With an illustration of how it works,

Customers may be reluctant to buy from an online store if they need to purchase an additional device. FIDO2 tokens, which are in the form of USB keys, will not be advisable. Whereas it gives step-by-step guidance on how to remove, enabling hosting providers to remove fraudulent websites that make their brand appear legit, which may include false displays of products or services and fake reviews as a means of phishing.


Coupled with the advice, the NCSC sounded a general reminder to the public that they also have a role to play when protecting themselves online.

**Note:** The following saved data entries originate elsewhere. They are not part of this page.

lemma nn_integral_segments_le:
  fixes H :: "'a::euclidean_space \<Rightarrow> real"
  assumes [measurable]: "H \<in> borel_measurable borel" "B \<in> sets borel" and H_nonneg: "\<And>z. H z \<ge> 0"
  shows "(\<integral>\<^sup>+x. \<integral>\<^sup>+y. \<integral>\<^sup>+t. ennreal (indicator B x * indicator B y * (indicator {0..1} t * H (x + t *\<^sub>R (y - x))))
      \<partial>lborel \<partial>lborel \<partial>lborel) \<le> emeasure lborel B * (ennreal (2^DIM('a)) * (\<integral>\<^sup>+z. ennreal (H z) \<partial>lborel))"
    (is "(\<integral>\<^sup>+x. \<integral>\<^sup>+y. \<integral>\<^sup>+t. ?\<Phi> x y t \<partial>lborel \<partial>lborel \<partial>lborel) \<le> ?C")
proof -
  have "(\<integral>\<^sup>+y. \<integral>\<^sup>+t. ?\<Phi> x y t \<partial>lborel \<partial>lborel) = (\<integral>\<^sup>+t. \<integral>\<^sup>+y. ?\<Phi> x y t \<partial>lborel \<partial>lborel)" for x
    by (rule lborel_pair.Fubini'[symmetric]) measurable
  then have "(\<integral>\<^sup>+x. \<integral>\<^sup>+y. \<integral>\<^sup>+t. ?\<Phi> x y t \<partial>lborel \<partial>lborel \<partial>lborel)
      = (\<integral>\<^sup>+x. \<integral>\<^sup>+t. \<integral>\<^sup>+y. ?\<Phi> x y t \<partial>lborel \<partial>lborel \<partial>lborel)"
    by simp
  also have "\<dots> = (\<integral>\<^sup>+t. \<integral>\<^sup>+x. \<integral>\<^sup>+y. ?\<Phi> x y t \<partial>lborel \<partial>lborel \<partial>lborel)"
    by (rule lborel_pair.Fubini'[symmetric]) measurable
  also have "\<dots> \<le> (\<integral>\<^sup>+t. indicator {0..1::real} t * ?C \<partial>lborel)"
  proof (rule nn_integral_mono)
    fix t :: real
    show "(\<integral>\<^sup>+x. \<integral>\<^sup>+y. ?\<Phi> x y t \<partial>lborel \<partial>lborel) \<le> indicator {0..1} t * ?C"
      using nn_integral_segment_point_le[of H B t] H_nonneg by (cases "t \<in> {0..1}") auto
  qed
  also have "\<dots> = ?C" by (simp add: nn_integral_multc)
  finally show ?thesis .
qed

lemma sq_diff_le_segment_energy:
  fixes f :: "'a::euclidean_space \<Rightarrow> real" and G :: "'a \<Rightarrow> 'a"
  assumes f_deriv: "\<And>x. (f has_derivative (\<lambda>v. G x \<bullet> v)) (at x)" and G_cont: "continuous_on UNIV G"
    and B: "convex B" "bounded B"
  shows "ennreal (indicator B x * indicator B y * (f x - f y)\<^sup>2)
    \<le> ennreal ((diameter B)\<^sup>2) * (\<integral>\<^sup>+t. ennreal (indicator B x * indicator B y *
        (indicator {0..1} t * (indicator B (x + t *\<^sub>R (y - x)) * (norm (G (x + t *\<^sub>R (y - x))))\<^sup>2))) \<partial>lborel)"
proof (cases "x \<in> B \<and> y \<in> B")
  case True
  let ?S = "\<lambda>t. indicator {0..1} t * (norm (G (x + t *\<^sub>R (y - x))))\<^sup>2"
  have seg: "x + t *\<^sub>R (y - x) \<in> B" if "t \<in> {0..1}" for t
    using convexD_alt[OF B(1), of x y t] True that by (auto simp: algebra_simps)
  have "integrable lborel ?S"
  proof -
    have "continuous_on UNIV (\<lambda>t. (norm (G (x + t *\<^sub>R (y - x))))\<^sup>2)"
      by (intro continuous_intros continuous_on_compose2[OF G_cont]) auto
    from borel_integrable_atLeastAtMost'[OF continuous_on_subset[OF this]]
    show ?thesis by (simp add: set_integrable_def)
  qed
  moreover have "(\<integral>\<^sup>+t. ennreal (indicator B x * indicator B y *
        (indicator {0..1} t * (indicator B (x + t *\<^sub>R (y - x)) * (norm (G (x + t *\<^sub>R (y - x))))\<^sup>2))) \<partial>lborel)
      = (\<integral>\<^sup>+t. ennreal (?S t) \<partial>lborel)"
    using True seg by (intro nn_integral_cong) (auto simp: indicator_def)
  ultimately have segment_eq: "(\<integral>\<^sup>+t. ennreal (indicator B x * indicator B y *
        (indicator {0..1} t * (indicator B (x + t *\<^sub>R (y - x)) * (norm (G (x + t *\<^sub>R (y - x))))\<^sup>2))) \<partial>lborel)
      = ennreal (\<integral>t. ?S t \<partial>lborel)"
    by (simp add: nn_integral_eq_integral)
  have "norm (y - x) \<le> diameter B"
    using True B(2) by (simp add: diameter_bounded_bound dist_norm[symmetric] dist_commute)
  then have "(norm (y - x))\<^sup>2 \<le> (diameter B)\<^sup>2" by (simp add: power_mono)
  moreover have "0 \<le> (\<integral>t. ?S t \<partial>lborel)" by (rule integral_nonneg_AE) auto
  ultimately have "(f y - f x)\<^sup>2 \<le> (diameter B)\<^sup>2 * (\<integral>t. ?S t \<partial>lborel)"
    using sq_diff_le_segment_integral[OF f_deriv G_cont, of y x] mult_right_mono order_trans
    by blast
  then have "(f x - f y)\<^sup>2 \<le> (diameter B)\<^sup>2 * (\<integral>t. ?S t \<partial>lborel)"
    by (simp only: power2_commute)
  then show ?thesis
    using True unfolding segment_eq by (simp add: ennreal_mult''[symmetric] ennreal_leI)
qed (auto simp: indicator_def)

text \<open>Each difference \<open>f x - f y\<close> is controlled by the energy along the segment from \<open>x\<close> to
  \<open>y\<close>; averaging over all pairs, the point \<open>x + t (y - x)\<close> is spread over \<open>B\<close> with density at
  most \<open>2^DIM('a) / measure lborel B\<close>.\<close>
lemma poincare_convex:
  fixes f :: "'a::euclidean_space \<Rightarrow> real" and G :: "'a \<Rightarrow> 'a"
  assumes f_deriv: "\<And>x. (f has_derivative (\<lambda>v. G x \<bullet> v)) (at x)" and G_cont: "continuous_on UNIV G"
    and B: "convex B" "compact B" "0 < measure lborel B"
  defines "c \<equiv> (\<integral>y. indicator B y * f y \<partial>lborel) / measure lborel B"
  shows "(\<integral>x. indicator B x * (f x - c)\<^sup>2 \<partial>lborel)
    \<le> (diameter B)\<^sup>2 * 2 ^ DIM('a) / 2 * (\<integral>x. indicator B x * (norm (G x))\<^sup>2 \<partial>lborel)"
proof -
  define mB where "mB = measure lborel B"
  define d where "d = diameter B"
  define H where "H z = indicator B z * (norm (G z))\<^sup>2" for z
  define IG where "IG = (\<integral>z. H z \<partial>lborel)"
  have [measurable]: "B \<in> sets borel" using B(2) by (simp add: compact_imp_closed borel_closed)
  have [measurable]: "G \<in> borel_measurable borel" using G_cont by (rule borel_measurable_continuous_onI)
  have [measurable]: "H \<in> borel_measurable borel" unfolding H_def[abs_def] by measurable
  have H_nonneg: "H z \<ge> 0" for z by (simp add: H_def)
  have "continuous_on B (\<lambda>x. (norm (G x))\<^sup>2)"
    using continuous_on_subset[OF G_cont] by (intro continuous_intros) auto
  from borel_integrable_compact[OF B(2) this] have "integrable lborel H"
    by (simp add: H_def[abs_def])
  then have H_nn_integral: "(\<integral>\<^sup>+z. ennreal (H z) \<partial>lborel) = ennreal IG"
    using H_nonneg by (simp add: nn_integral_eq_integral IG_def)
  have IG_nonneg: "IG \<ge> 0" unfolding IG_def using H_nonneg by (simp add: integral_nonneg_AE)
  have emB: "emeasure lborel B = ennreal mB"
    unfolding mB_def using emeasure_compact_finite[OF B(2)]
    by (intro emeasure_eq_ennreal_measure) (simp add: less_top)
  have f_cont: "continuous_on UNIV f"
    using f_deriv by (meson continuous_at_imp_continuous_on has_derivative_continuous)
  have "ennreal (2 * mB * (\<integral>x. indicator B x * (f x - c)\<^sup>2 \<partial>lborel))
      \<le> (\<integral>\<^sup>+x. \<integral>\<^sup>+y. ennreal (d\<^sup>2) * (\<integral>\<^sup>+t. ennreal (indicator B x * indicator B y *
          (indicator {0..1} t * H (x + t *\<^sub>R (y - x)))) \<partial>lborel) \<partial>lborel \<partial>lborel)"
    unfolding mB_def c_def nn_integral_pair_sq_diff[OF B(2,3) f_cont, symmetric] d_def H_def
    using sq_diff_le_segment_energy[OF f_deriv G_cont B(1) compact_imp_bounded[OF B(2)]]
    by (intro nn_integral_mono) auto
  also have "\<dots> = ennreal (d\<^sup>2) * (\<integral>\<^sup>+x. \<integral>\<^sup>+y. \<integral>\<^sup>+t. ennreal (indicator B x * indicator B y *
          (indicator {0..1} t * H (x + t *\<^sub>R (y - x)))) \<partial>lborel \<partial>lborel \<partial>lborel)"
    by (simp add: nn_integral_cmult)
  also have "\<dots> \<le> ennreal (d\<^sup>2) * (ennreal mB * (ennreal (2^DIM('a)) * ennreal IG))"
    using nn_integral_segments_le[of H B] H_nonneg
    by (intro mult_left_mono) (simp_all add: emB H_nn_integral)
  also have "\<dots> = ennreal (d\<^sup>2 * mB * 2^DIM('a) * IG)"
    using IG_nonneg by (simp add: ennreal_mult mult.assoc mB_def)
  finally have "2 * mB * (\<integral>x. indicator B x * (f x - c)\<^sup>2 \<partial>lborel) \<le> d\<^sup>2 * mB * 2^DIM('a) * IG"
    using B(3) IG_nonneg by (subst (asm) ennreal_le_iff) (auto simp: mB_def)
  then show ?thesis
    using B(3) by (simp add: d_def IG_def H_def mB_def field_simps)
qed

lemma integral_indicator_le_weighted:
  fixes \<rho> h :: "'a::euclidean_space \<Rightarrow> real"
  assumes \<rho>_lower: "\<And>x. x \<in> B \<Longrightarrow> m \<le> \<rho> x" and m: "0 < m" and \<rho>_nonneg: "\<And>x. 0 \<le> \<rho> x"
    and h_nonneg: "\<And>x. 0 \<le> h x"
    and int: "integrable lborel (\<lambda>x. indicator B x * h x)" "integrable lborel (\<lambda>x. \<rho> x * h x)"
  shows "(\<integral>x. indicator B x * h x \<partial>lborel) \<le> (\<integral>x. \<rho> x * h x \<partial>lborel) / m"
proof -
  have "(\<integral>x. indicator B x * h x \<partial>lborel) \<le> (\<integral>x. \<rho> x * h x / m \<partial>lborel)"
  proof (rule integral_mono[OF int(1)])
    show "integrable lborel (\<lambda>x. \<rho> x * h x / m)" using int(2) by simp
    show "indicator B x * h x \<le> \<rho> x * h x / m" for x
      using \<rho>_lower[of x] \<rho>_nonneg[of x] h_nonneg[of x] m
      by (cases "x \<in> B") (auto simp: field_simps intro: mult_right_mono)
  qed
  then show ?thesis by simp
qed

As a guideline, the public was encouraged to seriously adhere to the six safety set out in its ongoing Cyber Awareness:

- Use a separate and strong password for all email accounts

- Created passwords should be strong using the NCSC’s Three Random Words methodology

- Passwords should be saved in the browser

- MFA should be switched when made available

- All applications and devices should be up to date

- Companies should frequently back up data


The Office for National Statistics (ONS) estimated computer misuse offences were happening in the UK at 1.6 million within 12 months to 31 March 2022. It also saw an 89% rise from 2020, which shows that there is still an increasing cybercrime problem in the UK.

The government is dedicated to reducing such offences, from unauthorised access to systems or hacking to digital fraud. The NSDC recently launched a piece of information as it thrives on developing new proposals to arrest the growth.


Positive actions are carried out to address the problem, measures to be taken to address the problem, and full responsibility for doing so. The Home Office is conducting consultations by creating alternatives for inputting the risks associated with unauthorised access to UK citizens' data and online accounts. The consultation talks would last until 27 October 2022.